Following the Allred score system [84], immunohistochemistry results of Arom (cytoplasmic immunolabeling) and hormone receptors (nuclear immunolabeling) were expressed as a total score (TS), calculated as the sum of the percentage of positive cells (PS) and the intensity of immunolabeling (IS). A sample was considered positive for Arom and hormone receptors when TS > 3.

2.2.2. Assessment of Steroid Concentrations in Tumor Homogenate Samples

The analyses were performed according to previously published protocols [24,28]. After thawing, 0.5 g of the normal and neoplastic tissues were homogenized in 4 mL PBS (pH 7.2) and centrifuged (1372× g, at 4 °C for 20 min). The supernatants were collected and aliquoted individually (−30 °C) until the hormones were assayed.

17β-Estradiol (E2), estrone sulfate (SO4E1), progesterone (P4), androstenedione (A4), dehydroepiandrosterone (DHEA), and testosterone (T) levels of normal and neoplastic breast and mammary tissue homogenates were assayed by competitive EIA previously validated in our laboratory. Homogenate samples were prepared by diluting 10 µL of each homogenate in an assay buffer (1:2500 for DHEA, A4, T, and SO4E1 or 1:500 for E2), and then extracted with 2 mL diethyl ether (Sigma, St. Louis, MO, USA). One hundred microliters of the supernatant was evaporated under a nitrogen stream (Turbovap, ZIMARK, Hopkinton, MA, USA).

17β-Estradiol concentrations in tissue homogenates are expressed in pg/g. Levels of SO4E1, P4, A4, DHEA and T in tissue homogenates are expressed in ng/g.

2.3. Statistical Study

Analyses were performed using SPSS 19 and a conventional p < 0.05 level was used to define statistical significance.

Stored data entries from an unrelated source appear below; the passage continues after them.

lemma nijenhuis_br_m_funpow:
  assumes "bilinear \<mu>" "linear N" "nijenhuis \<mu> N"
  shows "nijenhuis (br_m \<mu> (N ^^ k)) N"
proof (induction k)
  case 0
  show ?case using assms by simp
next
  case (Suc k)
  show ?case
    unfolding br_m_funpow_Suc[OF assms]
    by (rule nijenhuis_br_m[OF bilinear_br_m[OF assms(1) linear_funpow[OF assms(2)]] assms(2) Suc.IH])
qed

lemma br_m_funpow_add:
  assumes "bilinear \<mu>" "linear N" "nijenhuis \<mu> N"
  shows "br_m (br_m \<mu> (N ^^ i)) (N ^^ k) = br_m \<mu> (N ^^ (i + k))"
proof (induction k)
  case 0
  show ?case by simp
next
  case (Suc k)
  have "br_m (br_m \<mu> (N ^^ i)) (N ^^ Suc k) = br_m (br_m (br_m \<mu> (N ^^ i)) (N ^^ k)) N"
    by (rule br_m_funpow_Suc[OF bilinear_br_m[OF assms(1) linear_funpow[OF assms(2)]]
          assms(2) nijenhuis_br_m_funpow[OF assms]])
  also have "\<dots> = br_m \<mu> (N ^^ Suc (i + k))"
    by (simp only: Suc.IH br_m_funpow_Suc[OF assms])
  finally show ?case by (simp only: add_Suc_right)
qed

text \<open>The concomitant of \<open>N ^^ k\<close> with itself is the difference of two expressions
  for \<open>br_m \<mu> (N ^^ (i + k + k))\<close>.\<close>
lemma nijenhuis_funpow_br_m_funpow:
  assumes "bilinear \<mu>" "linear N" "nijenhuis \<mu> N"
  shows "nijenhuis (br_m \<mu> (N ^^ i)) (N ^^ k)"
  unfolding nijenhuis_iff_concomitant
proof (intro allI)
  fix x y
  let ?\<nu> = "br_m \<mu> (N ^^ i)"
  have "br_m (br_m ?\<nu> (N ^^ k)) (N ^^ k) x y
      = br_m ?\<nu> (\<lambda>z. (N ^^ k) ((N ^^ k) z)) x y + nijenhuis_concomitant ?\<nu> (N ^^ k) (N ^^ k) x y"
    by (rule br_m_br_m) (simp_all add: bilinear_br_m linear_funpow assms(1,2))
  moreover have "(\<lambda>z. (N ^^ k) ((N ^^ k) z)) = N ^^ (k + k)"
    by (simp add: funpow_add fun_eq_iff)
  ultimately show "nijenhuis_concomitant ?\<nu> (N ^^ k) (N ^^ k) x y = 0"
    by (simp add: br_m_funpow_add[OF assms] add.assoc)
qed

lemma br_m_affine_comb:
  assumes "bilinear \<mu>" "linear M"
  shows "br_m \<mu> (\<lambda>z. a *\<^sub>R z + b *\<^sub>R M z) x y = a *\<^sub>R \<mu> x y + b *\<^sub>R br_m \<mu> M x y"
  using assms by (simp add: br_m_def bilinear_simps linear_simps algebra_simps)

lemma nijenhuis_affine_comb:
  assumes "bilinear \<mu>" "linear M" "nijenhuis \<mu> M"
  shows "nijenhuis \<mu> (\<lambda>z. a *\<^sub>R z + b *\<^sub>R M z)"
  unfolding nijenhuis_def br_m_def using assms(1,2)
  by (simp only: bilinear_simps linear_simps nijenhuisD[OF assms(2,3)]) (simp add: algebra_simps)

lemma lie_bracket_br_m_funpow_comb:
  assumes \<mu>: "lie_bracket \<mu>" and N: "linear N" and nij: "nijenhuis \<mu> N"
  shows "lie_bracket (\<lambda>x y. a *\<^sub>R br_m \<mu> (N ^^ i) x y + b *\<^sub>R br_m \<mu> (N ^^ k) x y)"
proof -
  have bil: "bilinear \<mu>"
    using \<mu> unfolding lie_bracket_def by blast
  have comb: "lie_bracket (\<lambda>x y. a *\<^sub>R br_m \<mu> (N ^^ i) x y + b *\<^sub>R br_m \<mu> (N ^^ k) x y)"
    if "i \<le> k" for a b i k
  proof -
    obtain m where k: "k = i + m"
      using \<open>i \<le> k\<close> le_Suc_ex by blast
    let ?\<nu> = "br_m \<mu> (N ^^ i)"
    have lie: "lie_bracket ?\<nu>"
      using lie_bracket_br_m[OF \<mu> linear_funpow[OF N]] nijenhuis_funpow_br_m_funpow[OF bil N nij, of 0 i]
      by simp
    have "lie_bracket (br_m ?\<nu> (\<lambda>z. a *\<^sub>R z + b *\<^sub>R (N ^^ m) z))"
    proof (rule lie_bracket_br_m[OF lie])
      show "linear (\<lambda>z. a *\<^sub>R z + b *\<^sub>R (N ^^ m) z)"
        by (rule linearI) (simp_all add: linear_simps[OF linear_funpow[OF N]] algebra_simps)
      show "nijenhuis ?\<nu> (\<lambda>z. a *\<^sub>R z + b *\<^sub>R (N ^^ m) z)"
        by (rule nijenhuis_affine_comb) (simp_all add: bilinear_br_m bil linear_funpow N
            nijenhuis_funpow_br_m_funpow[OF bil N nij])
    qed
    moreover have "br_m ?\<nu> (\<lambda>z. a *\<^sub>R z + b *\<^sub>R (N ^^ m) z)
        = (\<lambda>x y. a *\<^sub>R br_m \<mu> (N ^^ i) x y + b *\<^sub>R br_m \<mu> (N ^^ k) x y)"
      using br_m_affine_comb[OF bilinear_br_m[OF bil linear_funpow[OF N]] linear_funpow[OF N]]
      by (simp add: fun_eq_iff br_m_funpow_add[OF bil N nij] k)
    ultimately show ?thesis
      by simp
  qed
  show ?thesis
  proof (cases "i \<le> k")
    case True
    then show ?thesis by (rule comb)
  next
    case False
    then show ?thesis
      using comb[of k i b a] by (simp add: add.commute)
  qed
qed

lemma lie_bracket_br_m_funpow:
  assumes "lie_bracket \<mu>" "linear N" "nijenhuis \<mu> N"
  shows "lie_bracket (br_m \<mu> (N ^^ i))"
  using lie_bracket_br_m_funpow_comb[OF assms, of 1 i 0 i] by simp

section \<open>Duality\<close>

lemma inner_coad:
  fixes \<mu> :: "'a::euclidean_space \<Rightarrow> 'a \<Rightarrow> 'a"
  assumes "bilinear \<mu>"
  shows "coad \<mu> x e \<bullet> z = - (e \<bullet> \<mu> x z)"
  using assms unfolding coad_def bilinear_def by (simp add: adjoint_clauses)

lemma adjoint_funpow:
  fixes n :: "'a::euclidean_space \<Rightarrow> 'a"
  assumes n: "linear n"
  shows "adjoint (n ^^ j) = adjoint n ^^ j"
proof (rule adjoint_unique, intro allI)
  show "(n ^^ j) x \<bullet> y = x \<bullet> (adjoint n ^^ j) y" for x y
  proof (induction j arbitrary: y)
    case 0
    show ?case by simp
  next
    case (Suc j)
    have "(n ^^ Suc j) x \<bullet> y = (n ^^ j) x \<bullet> adjoint n y"
      by (simp add: adjoint_clauses(1)[OF n])
    also have "\<dots> = x \<bullet> (adjoint n ^^ Suc j) y"
      by (simp add: Suc.IH funpow_swap1)
    finally show ?case .
  qed
qed

lemma A_op_adjoint:
  fixes \<mu> :: "'a::euclidean_space \<Rightarrow> 'a \<Rightarrow> 'a"
  assumes \<mu>: "bilinear \<mu>" and m: "linear m"
  shows "A_op \<mu> m (adjoint m) \<xi> = coad (br_m \<mu> m) \<xi>"
proof (rule ext, rule vector_eq_rdot[THEN iffD1], rule allI)
  fix \<eta> z
  show "A_op \<mu> m (adjoint m) \<xi> \<eta> \<bullet> z = coad (br_m \<mu> m) \<xi> \<eta> \<bullet> z"
    unfolding A_op_def
    by (simp only: inner_diff_left inner_add_left adjoint_clauses(2)[OF m] inner_coad[OF \<mu>]
        inner_coad[OF bilinear_br_m[OF \<mu> m]] br_m_def inner_diff_right inner_add_right)
qed

lemma cocycle_m_adjoint_iff:
  fixes \<mu> :: "'a::euclidean_space \<Rightarrow> 'a \<Rightarrow> 'a"
  assumes "bilinear \<mu>" "linear m"
  shows "cocycle_m \<mu> m (adjoint m) D \<longleftrightarrow> cocycle (br_m \<mu> m) D"
  unfolding cocycle_m_def cocycle_def A_op_adjoint[OF assms] ..

lemma coad_br_m:
  fixes \<mu> :: "'a::euclidean_space \<Rightarrow> 'a \<Rightarrow> 'a"
  assumes "bilinear \<mu>" "linear m"
  shows "coad (br_m \<mu> m) x e = coad \<mu> (m x) e + adjoint m (coad \<mu> x e) - coad \<mu> x (adjoint m e)"
  using fun_cong[OF A_op_adjoint[OF assms, of x], of e] unfolding A_op_def by (simp add: algebra_simps)

text \<open>The transpose of the Nijenhuis identity, written with coadjoint actions.\<close>
lemma adjoint_coad_commutator_br_m:
  fixes \<mu> :: "'a::euclidean_space \<Rightarrow> 'a \<Rightarrow> 'a"
  assumes \<mu>: "bilinear \<mu>" and N: "linear N" and nij: "nijenhuis \<mu> N"
  shows "adjoint N (coad (br_m \<mu> N) x e) - coad (br_m \<mu> N) x (adjoint N e)
       = adjoint N (adjoint N (coad \<mu> x e) - coad \<mu> x (adjoint N e))"
proof (rule vector_eq_rdot[THEN iffD1], rule allI)
  fix z
  have r: "\<mu> (N x) (N z) = N (\<mu> (N x) z) + N (\<mu> x (N z)) - N (N (\<mu> x z))"
    by (rule nijenhuisD[OF N nij])
  show "(adjoint N (coad (br_m \<mu> N) x e) - coad (br_m \<mu> N) x (adjoint N e)) \<bullet> z
      = adjoint N (adjoint N (coad \<mu> x e) - coad \<mu> x (adjoint N e)) \<bullet> z"
    apply (simp only: inner_diff_left adjoint_clauses(2)[OF N] inner_coad[OF \<mu>]
        inner_coad[OF bilinear_br_m[OF \<mu> N]])
    apply (simp only: br_m_def r)
    by (simp add: inner_diff_right inner_add_right adjoint_clauses(2)[OF N] linear_simps[OF N]
        algebra_simps)
qed

lemma inner_dual_br:
  fixes d :: "'a::euclidean_space \<Rightarrow> 'a \<Rightarrow> 'a \<Rightarrow> real"
  assumes d: "linear (\<lambda>\<xi>. d \<xi> e1 e2)"
  shows "dual_br d e1 e2 \<bullet> \<xi> = d \<xi> e1 e2"
proof -
  have "d \<xi> e1 e2 = (\<lambda>\<xi>. d \<xi> e1 e2) (\<Sum>b\<in>Basis. (\<xi> \<bullet> b) *\<^sub>R b)"
    by (simp add: euclidean_representation)
  also have "\<dots> = (\<Sum>b\<in>Basis. (\<xi> \<bullet> b) * d b e1 e2)"
    by (simp add: linear_sum[OF d] linear_scale[OF d])
  also have "\<dots> = dual_br d e1 e2 \<bullet> \<xi>"
    unfolding dual_br_def inner_sum_left by (rule sum.cong) (simp_all add: inner_commute)
  finally show ?thesis ..
qed

lemma lie_bracket_comp_centroid:
  assumes L: "lie_bracket L" and S: "linear S"
    and right: "\<And>a b. L a (S b) = S (L a b)" and left: "\<And>a b. L (S a) b = S (L a b)"
  shows "lie_bracket (\<lambda>a b. S (L a b))"
proof -
  have bil: "bilinear L" and skew: "\<And>x y. L x y = - L y x"
    and jac: "\<And>x y z. jacobiator L x y z = 0"
    using L unfolding lie_bracket_iff_jacobiator by blast+
  have "bilinear (\<lambda>a b. S (L a b))"
    using bil S unfolding bilinear_def by (auto intro!: linearI simp: bilinear_simps[OF bil] linear_simps[OF S])
  moreover have "S (L x y) = - S (L y x)" for x y
    by (subst skew) (simp add: linear_simps[OF S])
  moreover have "jacobiator (\<lambda>a b. S (L a b)) x y z = 0" for x y z
  proof -
    have "jacobiator (\<lambda>a b. S (L a b)) x y z = S (S (jacobiator L x y z))"
      unfolding jacobiator_def by (simp only: right linear_simps[OF S])
    then show ?thesis
      by (simp add: jac linear_simps[OF S])
  qed
  ultimately show ?thesis
    unfolding lie_bracket_iff_jacobiator by blast
qed

definition cocycle_defect ::
    "('a::real_inner \<Rightarrow> 'a \<Rightarrow> 'a) \<Rightarrow> ('a \<Rightarrow> 'a \<Rightarrow> 'a \<Rightarrow> real) \<Rightarrow> 'a \<Rightarrow> 'a \<Rightarrow> 'a \<Rightarrow> 'a \<Rightarrow> real" where
  "cocycle_defect \<mu> D x y e1 e2 =
     iota (coad \<mu> x) (D y) e1 e2 - iota (coad \<mu> y) (D x) e1 e2 - D (\<mu> x y) e1 e2"

definition coad_commutator_term ::
    "('a::real_inner \<Rightarrow> 'a \<Rightarrow> 'a) \<Rightarrow> ('a \<Rightarrow> 'a \<Rightarrow> 'a \<Rightarrow> real) \<Rightarrow> ('a \<Rightarrow> 'a) \<Rightarrow> 'a \<Rightarrow> 'a \<Rightarrow> 'a \<Rightarrow> 'a \<Rightarrow> real" where
  "coad_commutator_term \<mu> D T x y e1 e2 =
     D y e1 (T (coad \<mu> x e2) - coad \<mu> x (T e2)) - D x e1 (T (coad \<mu> y e2) - coad \<mu> y (T e2))"

lemma cocycle_iff_defect: "cocycle \<mu> D \<longleftrightarrow> (\<forall>x y e1 e2. cocycle_defect \<mu> D x y e1 e2 = 0)"
  unfolding cocycle_def cocycle_defect_def ..

section \<open>Cochains equivariant under a transpose\<close>

locale transpose_equivariant =
  fixes D :: "'a::euclidean_space \<Rightarrow> 'a \<Rightarrow> 'a \<Rightarrow> real" and M :: "'a \<Rightarrow> 'a"
  assumes wedge2_cochain: "\<And>\<xi>. wedge2 (D \<xi>)"
    and linear_cochain: "\<And>e1 e2. linear (\<lambda>\<xi>. D \<xi> e1 e2)"
    and linear_map: "linear M"
    and equivariant: "\<And>\<xi> e1 e2. D \<xi> e1 (adjoint M e2) = D (M \<xi>) e1 e2"
begin

lemma bilinear_cochain: "bilinear (D \<xi>)"
  using wedge2_cochain unfolding wedge2_def by blast

lemma skew_cochain: "D \<xi> e1 e2 = - D \<xi> e2 e1"
  using wedge2_cochain unfolding wedge2_def by blast

lemmas cochain_simps = bilinear_simps[OF bilinear_cochain]

lemma cochain_add_diff:
  "D (a + b) e1 e2 = D a e1 e2 + D b e1 e2" "D (a - b) e1 e2 = D a e1 e2 - D b e1 e2"
  by (simp_all add: linear_simps[OF linear_cochain[of e1 e2], simplified])

lemma cochain_comp: "D (M \<xi>) e1 e2 = D \<xi> e1 (adjoint M e2)"
  by (rule equivariant[symmetric])

lemma adjoint_left: "D \<xi> (adjoint M e1) e2 = D \<xi> e1 (adjoint M e2)"
  by (metis skew_cochain equivariant)

lemma funpow: "transpose_equivariant D (M ^^ j)"
proof (rule transpose_equivariant.intro)
  show "D \<xi> e1 (adjoint (M ^^ j) e2) = D ((M ^^ j) \<xi>) e1 e2" for \<xi> e1 e2
    unfolding adjoint_funpow[OF linear_map]
  proof (induction j arbitrary: \<xi>)
    case 0
    show ?case by simp
  next
    case (Suc j)
    have "D \<xi> e1 ((adjoint M ^^ Suc j) e2) = D (M \<xi>) e1 ((adjoint M ^^ j) e2)"
      by (simp add: equivariant)
    also have "\<dots> = D ((M ^^ Suc j) \<xi>) e1 e2"
      by (simp add: Suc.IH funpow_swap1)
    finally show ?case .
  qed
qed (simp_all add: wedge2_cochain linear_cochain linear_funpow[OF linear_map])

lemma cocycle_defect_comp_br_m:
  assumes "bilinear \<mu>"
  shows "cocycle_defect \<mu> (\<lambda>\<xi>. D (M \<xi>)) x y e1 e2 - cocycle_defect (br_m \<mu> M) D x y e1 e2
     = cocycle_defect \<mu> D x y e1 (adjoint M e2) + cocycle_defect \<mu> D x y (adjoint M e1) e2
       - cocycle_defect \<mu> D (M x) y e1 e2 - cocycle_defect \<mu> D x (M y) e1 e2"
  unfolding cocycle_defect_def iota_def
  by (simp only: coad_br_m[OF assms linear_map] br_m_def cochain_add_diff cochain_simps
      cochain_comp adjoint_left)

Considering the absence of menopausal status in female dogs, three groups were established: premenopausal women (PM-HBC), menopausal women (M-HBC), and dogs (CMC). The categorical variables analyzed and the categories established were as follows: menopausal status in the women (premenopausal/menopausal); histological malignancy grade (I/II/III); Arom and steroid receptors (negative/positive). Pearson chi-squared statistical analysis was used to test the association among the different categorical variables within the groups. The numerical variables Allred TS (mean ± S.E) [84] and steroid concentrations (E2, SO4E1, P4, A4, DHEA and T) (mean ± S.E) were analyzed for their correlations (bivariate Pearson correlation test) and to find associations with the categorical variables (T tests).

3. Results

3.1. Histopathology

Histopathology of human and canine samples revealed several histological subtypes of carcinomas. The HBCs were diagnosed as follows: invasive ductal carcinomas (n = 38), mucinous carcinomas (n = 5), invasive lobular carcinomas (n = 4), invasive papillary carcinomas (n = 2), and tubular carcinomas (n = 2). CMCs were diagnosed as follows: tubular carcinoma (n = 7), tubulopapillary carcinoma (n = 5), solid carcinoma (n = 5), complex carcinoma (n = 3), mixed-type carcinoma (n = 3), adenosquamous carcinoma (n = 2), lipid-rich carcinoma (n = 1), and anaplastic carcinoma (n = 1) (Table 2).

Table 2

Histological subtypes and malignancy grade (HMG) of human breast cancer (HBC) and canine mammary cancer (CMC) samples prospectively included in the study.

	HBC(n = 51)		CMC(n = 27)
Histological subtypes		Histological subtypes
Invasive ductal carcinoma	38 (74.6%)	Tubular carcinoma	7 (25.8%)
Mucinous carcinoma	5 (9.8%)	Tubulopapillary carcinoma	5 (18.6%)
Invasive lobular carcinoma	4 (7.8%)	Solid carcinoma	5 (18.6%)
Invasive papillary carcinoma	2 (3.9%)	Complex carcinoma	3 (11.1%)
Tubular carcinoma	2 (3.9%)	Mixed-type carcinoma	3 (11.1%)
		Adenosquamous carcinoma	2 (7.4%)
		Lipid-rich carcinoma	1 (3.7%)
		Anaplastic carcinoma	1 (3.7%)
HMG		HMG
1	14 (27.4%)	1	13 (48.2%)
2	24 (47.1%)	2	7 (25.9%)
3	13 (25.5%)	3	7 (25.9%)

3.2. Immunoexpression of Arom, ERα, ERβ, PR, and AR

Human breast and canine mammary controls were positive for all markers studied.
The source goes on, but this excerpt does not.